Bundesliga

2019-10-03T07:30:00Z

Claudio Pizarro: The Bundesliga's bionic man

Werder Bremen goal-scoring hero Claudio Pizarro will be playing in the Bundesliga in 2019/20, over 20 years since making his debut.
Werder Bremen goal-scoring hero Claudio Pizarro will be playing in the Bundesliga in 2019/20, over 20 years since making his debut.

If Stanley Matthews was still scoring at 50 and Kazuyoshi Miura is showing no signs of slowing down at 51, why should Claudio Pizarro even think about hanging up his boots now that he has turned 41?

Pizarro has rewritten the evergreen-white striker’s rulebook in a prolific 20-season stint in the Bundesliga, totalling 197 goals in 478 appearances for Bayern Munich, Cologne and current club Werder Bremen.

The 2018/19 campaign could have been his last hurrah, but - after signing one last deal - will instead be the next instalment in a storied career that is still going strong some 23 years after Piza delivered his first senior goal in darkest Peru…

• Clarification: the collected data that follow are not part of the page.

(* Let $A:\mathbb{R}^n\to\mathbb{R}^m$ be a bounded linear operator, let $u^\dagger\in\mathbb{R}^n$, $v:=Au^\dagger$, let $\wp>0$ and assume $\|u^\dagger-u_0\|\le\wp$ where $u_0=\Psi(v)$. Let $\{u_k\}_{k\ge0}$ be the iterates of the IRMGL+$\Psi$ iteration with exact data described in the context, and assume $$C_0:=\eta-\nu_0(\wp+\nu_1)-\eta_0\eta_1>0.$$ Then $\|u_k-u^\dagger\|\le\wp$ for all $k\ge0$, $$\|u_{k+1}-u^\dagger\|^2-\|u_k-u^\dagger\|^2\le-2C_0\|Au_k-v\|^2\quad\text{for all }k\ge0,$$ the sequence $\{\|u_k-u^\dagger\|\}_{k\ge0}$ is monotonically decreasing, and $$\sum_{k=0}^\infty\|Au_k-v\|^2\le\frac{1}{2C_0}\|u_0-u^\dagger\|^2<\infty;$$ in particular $\|Au_k-v\|\to0$ as $k\to\infty$.
   Context: All norms are Euclidean norms, $A^*=A^\top$. Vectors $u\in\mathbb{R}^n$ are images: $n=pq$, pixel set $S=\{(i,j):1\le i\le p,1\le j\le q\}$, $u$ identified with $u:S\to\mathbb{R}$. Graph Laplacian built from $u$: fix $R>0$, $\sigma>0$, a distance $\eth$ on $S$; $g(a,b)=1$ if $0<\eth(a,b)\le R$, else $0$; $h_u(a,b)=\exp(-|u(a)-u(b)|^2/\sigma)$; $w_u=g\,h_u$; $W_u=[w_u(a,b)]$, $D_u=\mathrm{diag}(\sum_b w_u(a,b))$, $\Delta_u=D_u-W_u$. Exact-data iteration: for a map $\Psi:\mathbb{R}^m\to\mathbb{R}^n$, $u_0=\Psi(v)$, $u_{k+1}=u_k-\alpha_kA^*(Au_k-v)-\beta_k\Delta_{u_k}u_k$, where with constants $\eta_0,\eta_1,\nu_0,\nu_1,\nu_2>0$: $\alpha_k=\min\{\eta_0\|Au_k-v\|^2/\|A^*(Au_k-v)\|^2,\eta_1\}$ when $Au_k\ne v$ (when $Au_k=v$ the term $\alpha_kA^*(Au_k-v)$ vanishes); $\beta_k=\min\{\nu_0\|Au_k-v\|^2/\|\Delta_{u_k}u_k\|,\nu_1/\|\Delta_{u_k}u_k\|,\nu_2\}$ if $\Delta_{u_k}u_k\ne0$, else $\beta_k=0$. $\eta$ is a fixed constant with $0<\eta\le\min\{\eta_0/\|A\|^2,\eta_1\}$. *)

theory Defs
  imports "HOL-Analysis.Analysis"
begin

definition is_distance :: "('a \<Rightarrow> 'a \<Rightarrow> real) \<Rightarrow> bool" where
  "is_distance d \<longleftrightarrow>
     (\<forall>a b. d a b \<ge> 0) \<and> (\<forall>a b. d a b = 0 \<longleftrightarrow> a = b) \<and>
     (\<forall>a b. d a b = d b a) \<and> (\<forall>a b c. d a c \<le> d a b + d b c)"

definition nbh_g :: "('a \<Rightarrow> 'a \<Rightarrow> real) \<Rightarrow> real \<Rightarrow> 'a \<Rightarrow> 'a \<Rightarrow> real" where
  "nbh_g eth R a b = (if 0 < eth a b \<and> eth a b \<le> R then 1 else 0)"

definition weight_h :: "real \<Rightarrow> real^'a \<Rightarrow> 'a \<Rightarrow> 'a \<Rightarrow> real" where
  "weight_h \<sigma> u a b = exp (- (\<bar>u $ a - u $ b\<bar>)\<^sup>2 / \<sigma>)"

definition weight_w :: "('a \<Rightarrow> 'a \<Rightarrow> real) \<Rightarrow> real \<Rightarrow> real \<Rightarrow> real^'a \<Rightarrow> 'a \<Rightarrow> 'a \<Rightarrow> real" where
  "weight_w eth R \<sigma> u a b = nbh_g eth R a b * weight_h \<sigma> u a b"

definition W_mat :: "('a::finite \<Rightarrow> 'a \<Rightarrow> real) \<Rightarrow> real \<Rightarrow> real \<Rightarrow> real^'a \<Rightarrow> real^'a^'a" where
  "W_mat eth R \<sigma> u = (\<chi> a b. weight_w eth R \<sigma> u a b)"

definition D_mat :: "('a::finite \<Rightarrow> 'a \<Rightarrow> real) \<Rightarrow> real \<Rightarrow> real \<Rightarrow> real^'a \<Rightarrow> real^'a^'a" where
  "D_mat eth R \<sigma> u = (\<chi> a b. if a = b then (\<Sum>c\<in>UNIV. weight_w eth R \<sigma> u a c) else 0)"

definition graph_laplacian :: "('a::finite \<Rightarrow> 'a \<Rightarrow> real) \<Rightarrow> real \<Rightarrow> real \<Rightarrow> real^'a \<Rightarrow> real^'a^'a" where
  "graph_laplacian eth R \<sigma> u = D_mat eth R \<sigma> u - W_mat eth R \<sigma> u"

definition irmgl_step ::
  "real^'n^'m \<Rightarrow> real^'m \<Rightarrow> real \<Rightarrow> real \<Rightarrow> real \<Rightarrow> real \<Rightarrow> real \<Rightarrow>
   ('n::finite \<Rightarrow> 'n \<Rightarrow> real) \<Rightarrow> real \<Rightarrow> real \<Rightarrow> real^'n \<Rightarrow> real^'n" where
  "irmgl_step A v \<eta>0 \<eta>1 \<nu>0 \<nu>1 \<nu>2 eth R \<sigma> u =
     (let r = A *v u - v;
          L = graph_laplacian eth R \<sigma> u *v u;
          \<alpha> = (if r = 0 then 0
               else min (\<eta>0 * (norm r)\<^sup>2 / (norm (transpose A *v r))\<^sup>2) \<eta>1);
          \<beta> = (if L = 0 then 0
               else min (min (\<nu>0 * (norm r)\<^sup>2 / norm L) (\<nu>1 / norm L)) \<nu>2)
      in u - \<alpha> *\<^sub>R (transpose A *v r) - \<beta> *\<^sub>R L)"

definition irmgl_iter ::
  "real^'n^'m \<Rightarrow> (real^'m \<Rightarrow> real^'n) \<Rightarrow> real^'m \<Rightarrow> real \<Rightarrow> real \<Rightarrow> real \<Rightarrow> real \<Rightarrow> real \<Rightarrow>
   ('n::finite \<Rightarrow> 'n \<Rightarrow> real) \<Rightarrow> real \<Rightarrow> real \<Rightarrow> nat \<Rightarrow> real^'n" where
  "irmgl_iter A \<Psi> v \<eta>0 \<eta>1 \<nu>0 \<nu>1 \<nu>2 eth R \<sigma> k =
     ((irmgl_step A v \<eta>0 \<eta>1 \<nu>0 \<nu>1 \<nu>2 eth R \<sigma>) ^^ k) (\<Psi> v)"

end

theory Submission
  imports Defs
begin

(* Write e\<^sub>k = u\<^sub>k - u\<dagger> and r\<^sub>k = A u\<^sub>k - v = A e\<^sub>k. Since \<langle>e\<^sub>k, A\<^sup>T r\<^sub>k\<rangle> = \<parallel>r\<^sub>k\<parallel>\<^sup>2 and the adaptive step
  size satisfies \<eta> \<le> \<alpha>\<^sub>k \<le> \<eta>\<^sub>1 and \<alpha>\<^sub>k \<parallel>A\<^sup>T r\<^sub>k\<parallel>\<^sup>2 \<le> \<eta>\<^sub>0 \<parallel>r\<^sub>k\<parallel>\<^sup>2, the Landweber part of a step decreases \<parallel>e\<parallel>\<^sup>2
  by at least (2\<eta> - \<eta>\<^sub>0\<eta>\<^sub>1) \<parallel>r\<^sub>k\<parallel>\<^sup>2. The Laplacian correction \<beta>\<^sub>k \<Delta>u\<^sub>k has length at most
  min(\<nu>\<^sub>0 \<parallel>r\<^sub>k\<parallel>\<^sup>2, \<nu>\<^sub>1), so while the iterate stays in the \<wp>-ball around u\<dagger> it costs at most
  \<nu>\<^sub>0 (2\<wp> + \<nu>\<^sub>1) \<parallel>r\<^sub>k\<parallel>\<^sup>2. The net decrease 2 C\<^sub>0 \<parallel>r\<^sub>k\<parallel>\<^sup>2 keeps the iterates in the ball by induction,
  and telescoping it bounds the series of squared residuals. *)

definition landweber_stepsize ::
  "real \<Rightarrow> real \<Rightarrow> 'a::real_normed_vector \<Rightarrow> 'b::real_normed_vector \<Rightarrow> real" where
  "landweber_stepsize \<eta>0 \<eta>1 r g =
     (if r = 0 then 0 else min (\<eta>0 * (norm r)\<^sup>2 / (norm g)\<^sup>2) \<eta>1)"

definition laplacian_stepsize ::
  "real \<Rightarrow> real \<Rightarrow> real \<Rightarrow> 'a::real_normed_vector \<Rightarrow> 'b::real_normed_vector \<Rightarrow> real" where
  "laplacian_stepsize \<nu>0 \<nu>1 \<nu>2 r L =
     (if L = 0 then 0 else min (min (\<nu>0 * (norm r)\<^sup>2 / norm L) (\<nu>1 / norm L)) \<nu>2)"

lemma irmgl_step_eq:
  "irmgl_step A v \<eta>0 \<eta>1 \<nu>0 \<nu>1 \<nu>2 eth R \<sigma> u =
     u - landweber_stepsize \<eta>0 \<eta>1 (A *v u - v) (transpose A *v (A *v u - v))
           *\<^sub>R (transpose A *v (A *v u - v))
       - laplacian_stepsize \<nu>0 \<nu>1 \<nu>2 (A *v u - v) (graph_laplacian eth R \<sigma> u *v u)
           *\<^sub>R (graph_laplacian eth R \<sigma> u *v u)"
  unfolding irmgl_step_def landweber_stepsize_def laplacian_stepsize_def Let_def by simp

Watch: Pizarro - 21 years, 21 goals

Unlike Michael Bond’s Paddington Bear, Pizarro didn’t arrive in Europe as a stowaway. The Callao native caught the eye after scoring 37 goals in 85 appearances over the course of his first three years as a professional with Deportivo Pesquero and Allianza Lima. He collected his first of 85 senior international caps in his final year in his homeland, before shipping out to Bremen. The Bundesliga has been partying like it’s 1999 ever since.

In the first of Pizarro's four career spells with Bremen, the Peruvian scored 29 Bundesliga goals in 56 matches. His potency in the opposition penalty box put the likes of Barcelona, Inter Milan and Real Madrid on high alert, but it was Bayern who succeeded in luring him away from the banks of the Weser river.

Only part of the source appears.